TWIGGS: I have been around satellites—CubeSats, PocketQubes—for so long. They are still a thrill, but I really want to push microgravity research. Processes in microgravity are different than here on Earth with gravity. For example, they’ve shown that stem cells grow 8 to 10 times as fast in microgravity as they do on Earth. There is a real need to produce large quantities of stem cells for medical purposes. And a big question is, what happens to cancer cells in space? If they grow faster, then we could do experiments at a faster rate. If they grow slower, maybe what you want to do is send people to space to retard the cancer growth while you have an opportunity to try and cure them.

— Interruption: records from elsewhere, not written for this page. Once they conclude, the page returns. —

(* Let $N\to\infty$, $p=p(N)$ with $p(1-p)N\to\infty$, and $S=S(N)$, $T=T(N)$ such that $N-S$ and $N+S-T$ are nonnegative integers, $pS/(p(1-p)N)^{1/2}\to\infty$, $pS=o((p(1-p)N)^{2/3})$, and $T=o(N)$. Let $Z_1\sim B(N-S,p)$ and $Z_2\sim B(N+S-T,p)$ be independent. Then for all sufficiently large $N$, $$\mathbb{P}(Z_1=Z_2+pT)<\frac{S}{2\pi(1-p)N}\exp\!\left(-\frac{2pS^2}{(1-p)(2N-T)}+o(1)\right)+\frac{3}{\pi pS}\exp\!\left(-\frac{9pS^2}{8(1-p)N}\right),$$ where $o(1)\to0$ as $N\to\infty$.
   Context: $B(n,p)$ denotes a binomial random variable with parameters $n$ and $p$. *)

theory Defs
  imports "HOL-Probability.Probability" "HOL-Library.Landau_Symbols"
begin

end

theory Submission
  imports Defs
begin

(*
  Exponential tilting: tilting Z1 by exp(theta x) and Z2 by exp(-theta x) multiplies the
  probability of {Z1 = Z2 + pT} by the two binomial moment generating functions and by
  exp(-theta pT). For the tilted pair the event has probability at most the largest point
  probability of a binomial variable B(n, q), which is at most (2 (n + 1) q (1 - q))^(-1/2).
  A cubic Taylor bound for log(1 - p + p e^t), evaluated at the theta optimising its quadratic
  part, turns the exponent into -2pS^2/((1-p)(2N-T)) plus a remainder of order
  (pS)^3/(p(1-p)N)^2, which vanishes because pS = o((p(1-p)N)^(2/3)). So the first summand
  alone bounds the probability; the positive second summand only makes the bound strict.
*)

section \<open>Point probabilities of binomial distributions\<close>

lemma central_binomial_Suc:
  "((2 * Suc m) choose Suc m) * Suc m = 2 * (2 * m + 1) * ((2 * m) choose m)"
proof -
  have odd: "((2 * Suc m) choose Suc m) * Suc m = (2 * m + 2) * ((2 * m + 1) choose m)"
    using Suc_times_binomial_eq[of "2 * m + 1" m] by simp
  have even: "((2 * m + 1) choose m) * Suc m = (2 * m + 1) * ((2 * m) choose m)"
    using Suc_times_binomial_eq[of "2 * m" m] binomial_symmetric[of m "Suc (2 * m)"] by simp
  have "((2 * Suc m) choose Suc m) * Suc m * Suc m = (2 * m + 2) * (((2 * m + 1) choose m) * Suc m)"
    unfolding odd by (simp only: mult.assoc)
  also have "\<dots> = 2 * (2 * m + 1) * ((2 * m) choose m) * Suc m"
    unfolding even by (simp add: algebra_simps del: binomial_Suc_Suc)
  finally show ?thesis
    by (metis mult_right_cancel nat.simps(3))
qed

lemma central_binomial_sq_le: "real ((2 * m) choose m) ^ 2 * (2 * m + 1) \<le> 16 ^ m"
proof (induction m)
  case 0
  then show ?case by simp
next
  case (Suc m)
  define C where "C = real ((2 * m) choose m)"
  define B where "B = real ((2 * Suc m) choose Suc m)"
  have B: "B = 2 * (2 * m + 1) * C / (m + 1)"
    using arg_cong[OF central_binomial_Suc[of m], of real]
    unfolding B_def C_def by (simp add: field_simps del: binomial_Suc_Suc)
  have "B ^ 2 * (2 * Suc m + 1)
      = C ^ 2 * (2 * m + 1) * (4 * (2 * real m + 1) * (2 * real m + 3) / (real m + 1) ^ 2)"
    unfolding B by (simp add: field_simps power2_eq_square)
  also have "\<dots> \<le> 16 ^ m * 16"
  proof (rule mult_mono)
    show "C ^ 2 * (2 * m + 1) \<le> 16 ^ m" using Suc.IH by (simp add: C_def)
    have "4 * (2 * real m + 1) * (2 * real m + 3) \<le> 16 * (real m + 1) ^ 2"
      by (simp add: power2_eq_square algebra_simps)
    then show "4 * (2 * real m + 1) * (2 * real m + 3) / (real m + 1) ^ 2 \<le> 16"
      by (simp add: pos_divide_le_eq)
  qed simp_all
  finally show ?case by (simp add: B_def del: binomial_Suc_Suc)
qed

lemma binomial_sq_le: "real (M choose j) ^ 2 * (M + 1) \<le> 4 ^ M"
proof (cases "even M")
  case True
  then obtain m where M: "M = 2 * m" by blast
  have "real (M choose j) ^ 2 * (M + 1) \<le> real ((2 * m) choose m) ^ 2 * (2 * m + 1)"
    using binomial_maximum'[of m j] by (simp add: M power_mono)
  also have "\<dots> \<le> 4 ^ M"
    using central_binomial_sq_le[of m] by (simp add: M power_mult)
  finally show ?thesis .
next
  case False
  then obtain m where M: "M = 2 * m + 1" using oddE by blast
  define B where "B = (2 * Suc m) choose Suc m"
  have half: "real (M choose m) = real B / 2"
    using binomial_symmetric[of m "Suc (2 * m)"] by (simp add: M B_def)
  have "M choose j \<le> M choose m"
    using binomial_maximum[of M j] by (simp add: M)
  then have "real (M choose j) ^ 2 * (M + 1) \<le> (real B / 2) ^ 2 * (2 * Suc m + 1)"
    by (intro mult_mono) (auto simp: M power_mono simp flip: half)
  also have "\<dots> \<le> 4 ^ M"
    using central_binomial_sq_le[of "Suc m"]
    by (simp add: M B_def power_mult power_divide del: binomial_Suc_Suc)
  finally show ?thesis .
qed

lemma pmf_binomial_thinning:
  fixes r s :: real
  assumes r: "r \<in> {0..1}" and s: "s \<in> {0..1}"
  shows "pmf (binomial_pmf n (r * s)) j
    = (\<Sum>M\<le>n. pmf (binomial_pmf n r) M * pmf (binomial_pmf M s) j)"
proof (cases "j \<le> n")
  case False
  then show ?thesis
    using r s by (simp add: mult_le_one binomial_eq_0)
next
  case True
  define h where "h M = pmf (binomial_pmf n r) M * pmf (binomial_pmf M s) j" for M
  have "(\<Sum>M\<le>n. h M) = (\<Sum>M\<in>{j..n}. h M)"
    using r s by (intro sum.mono_neutral_right) (auto simp: h_def)
  also have "\<dots> = (\<Sum>l\<le>n - j. h (l + j))"
    using sum.shift_bounds_cl_nat_ivl[of h 0 j "n - j"] True by (simp add: atLeast0AtMost)
  also have "\<dots> = (\<Sum>l\<le>n - j. real (n choose j) * (r * s) ^ j
      * (real ((n - j) choose l) * (r * (1 - s)) ^ l * (1 - r) ^ (n - j - l)))"
  proof (rule sum.cong[OF refl])
    fix l assume l: "l \<in> {..n - j}"
    then have "(n choose (l + j)) * ((l + j) choose j) = (n choose j) * ((n - j) choose l)"
      using choose_mult[of j "l + j" n] True by simp
    moreover have "h (l + j) = real ((n choose (l + j)) * ((l + j) choose j))
        * (r * s) ^ j * (r * (1 - s)) ^ l * (1 - r) ^ (n - j - l)"
      using r s l by (simp add: h_def power_add power_mult_distrib mult_ac add.commute[of l j])
    ultimately show "h (l + j) = real (n choose j) * (r * s) ^ j
      * (real ((n - j) choose l) * (r * (1 - s)) ^ l * (1 - r) ^ (n - j - l))"
      by (simp add: mult_ac)
  qed
  also have "\<dots> = real (n choose j) * (r * s) ^ j * (r * (1 - s) + (1 - r)) ^ (n - j)"
    by (simp only: binomial_ring sum_distrib_left)
  also have "\<dots> = pmf (binomial_pmf n (r * s)) j"
    using r s by (simp add: mult_le_one algebra_simps)
  finally show ?thesis by (simp add: h_def)
qed

lemma sum_pmf_binomial: "r \<in> {0..1} \<Longrightarrow> (\<Sum>M\<le>n. pmf (binomial_pmf n r) M) = 1"
  by (rule sum_pmf_eq_1) (auto simp: set_pmf_binomial_eq)

lemma sum_pmf_binomial_div_Suc:
  fixes r :: real
  assumes r: "r \<in> {0..1}"
  shows "(\<Sum>M\<le>n. pmf (binomial_pmf n r) M / (real M + 1)) * ((real n + 1) * r) = 1 - (1 - r) ^ Suc n"
proof -
  have "(\<Sum>M\<le>n. pmf (binomial_pmf n r) M / (real M + 1)) * ((real n + 1) * r)
      = (\<Sum>M\<le>n. pmf (binomial_pmf (Suc n) r) (Suc M))"
    unfolding sum_distrib_right
  proof (rule sum.cong[OF refl])
    fix M assume "M \<in> {..n}"
    have "real (Suc n) * real (n choose M) = real (Suc n choose Suc M) * real (Suc M)"
      by (metis Suc_times_binomial_eq of_nat_mult)
    then have c: "real (n choose M) * (n + 1) / (real M + 1) = real (Suc n choose Suc M)"
      by (simp add: field_simps)
    have "pmf (binomial_pmf n r) M / (real M + 1) * ((real n + 1) * r)
        = real (n choose M) * (n + 1) / (real M + 1) * r ^ Suc M * (1 - r) ^ (Suc n - Suc M)"
      using r by (simp add: field_simps)
    then show "pmf (binomial_pmf n r) M / (real M + 1) * ((real n + 1) * r) = pmf (binomial_pmf (Suc n) r) (Suc M)"
      using r by (simp only: c) (simp del: binomial_Suc_Suc)
  qed
  also have "\<dots> = (\<Sum>i\<le>Suc n. pmf (binomial_pmf (Suc n) r) i) - pmf (binomial_pmf (Suc n) r) 0"
    by (simp only: sum.atMost_Suc_shift)
  also have "\<dots> = 1 - (1 - r) ^ Suc n"
    using r by (simp only: sum_pmf_binomial) simp
  finally show ?thesis .
qed

lemma pmf_binomial_half_sq_le: "pmf (binomial_pmf M (1 / 2)) j ^ 2 * (real M + 1) \<le> 1"
proof (cases "j \<le> M")
  case True
  then have pmf: "pmf (binomial_pmf M (1 / 2)) j = real (M choose j) / 2 ^ M"
    by (simp add: power_add [symmetric] power_one_over)
  have "(4::real) ^ M = (2 ^ M) ^ 2"
    by (simp add: power_even_eq [symmetric] power_mult)
  then show ?thesis
    using binomial_sq_le[of M j] unfolding pmf by (simp add: power_divide field_simps)
qed (simp add: binomial_eq_0)

(* B(n, q) is B(n, 2q) thinned by fair coins; by Cauchy-Schwarz its point probabilities are
   controlled by the mean over M ~ B(n, 2q) of the fair-coin bound 1/(M + 1). *)
lemma pmf_binomial_sq_le_of_le_half:
  fixes q :: real
  assumes q: "0 \<le> q" "q \<le> 1 / 2"
  shows "pmf (binomial_pmf n q) j ^ 2 * (2 * (real n + 1) * q) \<le> 1"
proof -
  define r where "r = 2 * q"
  define w where "w M = pmf (binomial_pmf n r) M" for M
  define c where "c M = pmf (binomial_pmf M (1 / 2)) j" for M
  have r: "r \<in> {0..1}" using q by (simp add: r_def)
  have w: "w M \<ge> 0" for M by (simp add: w_def)
  have "pmf (binomial_pmf n q) j = (\<Sum>M\<le>n. sqrt (w M) * (sqrt (w M) * c M))"
    using pmf_binomial_thinning[OF r, of "1 / 2" n j] w
    by (simp add: r_def w_def c_def mult.assoc [symmetric])
  then have "pmf (binomial_pmf n q) j ^ 2
      \<le> (\<Sum>M\<le>n. sqrt (w M) ^ 2) * (\<Sum>M\<le>n. (sqrt (w M) * c M) ^ 2)"
    by (simp only: Cauchy_Schwarz_ineq_sum)
  also have "\<dots> = (\<Sum>M\<le>n. w M * c M ^ 2)"
    using w sum_pmf_binomial[OF r, of n] by (simp add: w_def power_mult_distrib)
  also have "\<dots> \<le> (\<Sum>M\<le>n. w M / (real M + 1))"
  proof (rule sum_mono)
    fix M
    have "c M ^ 2 \<le> 1 / (real M + 1)"
      using pmf_binomial_half_sq_le[of M j] by (simp add: c_def field_simps)
    then show "w M * c M ^ 2 \<le> w M / (real M + 1)"
      using mult_left_mono[OF _ w] by (simp add: divide_inverse)
  qed
  finally have "pmf (binomial_pmf n q) j ^ 2 * ((real n + 1) * r)
      \<le> (\<Sum>M\<le>n. w M / (real M + 1)) * ((real n + 1) * r)"
    using r by (intro mult_right_mono) auto
  also have "\<dots> \<le> 1"
    using sum_pmf_binomial_div_Suc[OF r, of n] r by (simp add: w_def)
  finally show ?thesis by (simp add: r_def mult_ac)
qed

lemma pmf_binomial_sq_le:
  fixes q :: real
  assumes q: "q \<in> {0..1}"
  shows "pmf (binomial_pmf n q) j ^ 2 * (2 * (real n + 1) * q * (1 - q)) \<le> 1"
proof (cases "q \<le> 1 / 2")
  case True
  have "2 * (real n + 1) * q * (1 - q) \<le> 2 * (real n + 1) * q"
    using q mult_left_le[of "1 - q" "2 * (real n + 1) * q"] by simp
  then have "pmf (binomial_pmf n q) j ^ 2 * (2 * (real n + 1) * q * (1 - q))
      \<le> pmf (binomial_pmf n q) j ^ 2 * (2 * (real n + 1) * q)"
    by (intro mult_left_mono) auto
  also have "\<dots> \<le> 1"
    using q True by (intro pmf_binomial_sq_le_of_le_half) auto
  finally show ?thesis .
next
  case False
  show ?thesis
  proof (cases "j \<le> n")
    case True
    have sym: "pmf (binomial_pmf n q) j = pmf (binomial_pmf n (1 - q)) (n - j)"
      using q True binomial_symmetric[OF True] by simp
    have "2 * (real n + 1) * q * (1 - q) \<le> 2 * (real n + 1) * (1 - q)"
      using q mult_left_le[of q "2 * (real n + 1) * (1 - q)"] by (simp add: ac_simps)
    then have "pmf (binomial_pmf n q) j ^ 2 * (2 * (real n + 1) * q * (1 - q))
        \<le> pmf (binomial_pmf n (1 - q)) (n - j) ^ 2 * (2 * (real n + 1) * (1 - q))"
      unfolding sym by (intro mult_left_mono) auto
    also have "\<dots> \<le> 1"
      using q False by (intro pmf_binomial_sq_le_of_le_half) auto
    finally show ?thesis .
  qed (use q in \<open>simp add: binomial_eq_0\<close>)
qed

section \<open>Exponential tilting of a pair of binomial variables\<close>

definition tilted_prob :: "real \<Rightarrow> real \<Rightarrow> real" where
  "tilted_prob p t = p * exp t / (1 - p + p * exp t)"

lemma bernoulli_mgf_pos:
  fixes p t :: real
  assumes "p \<in> {0..1}"
  shows "0 < 1 - p + p * exp t"
proof (cases "p = 1")
  case False
  with assms have "0 < 1 - p" "0 \<le> p * exp t" by auto
  then show ?thesis by linarith
qed simp

lemma tilted_prob_in_unit: "p \<in> {0..1} \<Longrightarrow> tilted_prob p t \<in> {0..1}"
  using bernoulli_mgf_pos[of p t] by (auto simp: tilted_prob_def divide_le_eq_1)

We could put microgravity experiments in satellites, and we could actually eject capsules so they reenter and you catch them. We’re talking to FedEx, because FedEx has got all those small airplanes. We’re saying, “Come on guys, you can catch stuff in space with those!” It’s really exciting stuff, going back to old technology, but for a whole different purpose. Let’s say we were producing stem cells, and I want to harvest them every two weeks. Maybe I can do it with this capsule system.
PT: Were you surprised by the success of CubeSats?
PUIG-SUARI: If you had asked me 10 years ago, I would have told you my wildest hope is that we would have a few universities launching a couple of CubeSats every year. I had no idea what was coming. And my guess is that we have no idea what is coming in the next years.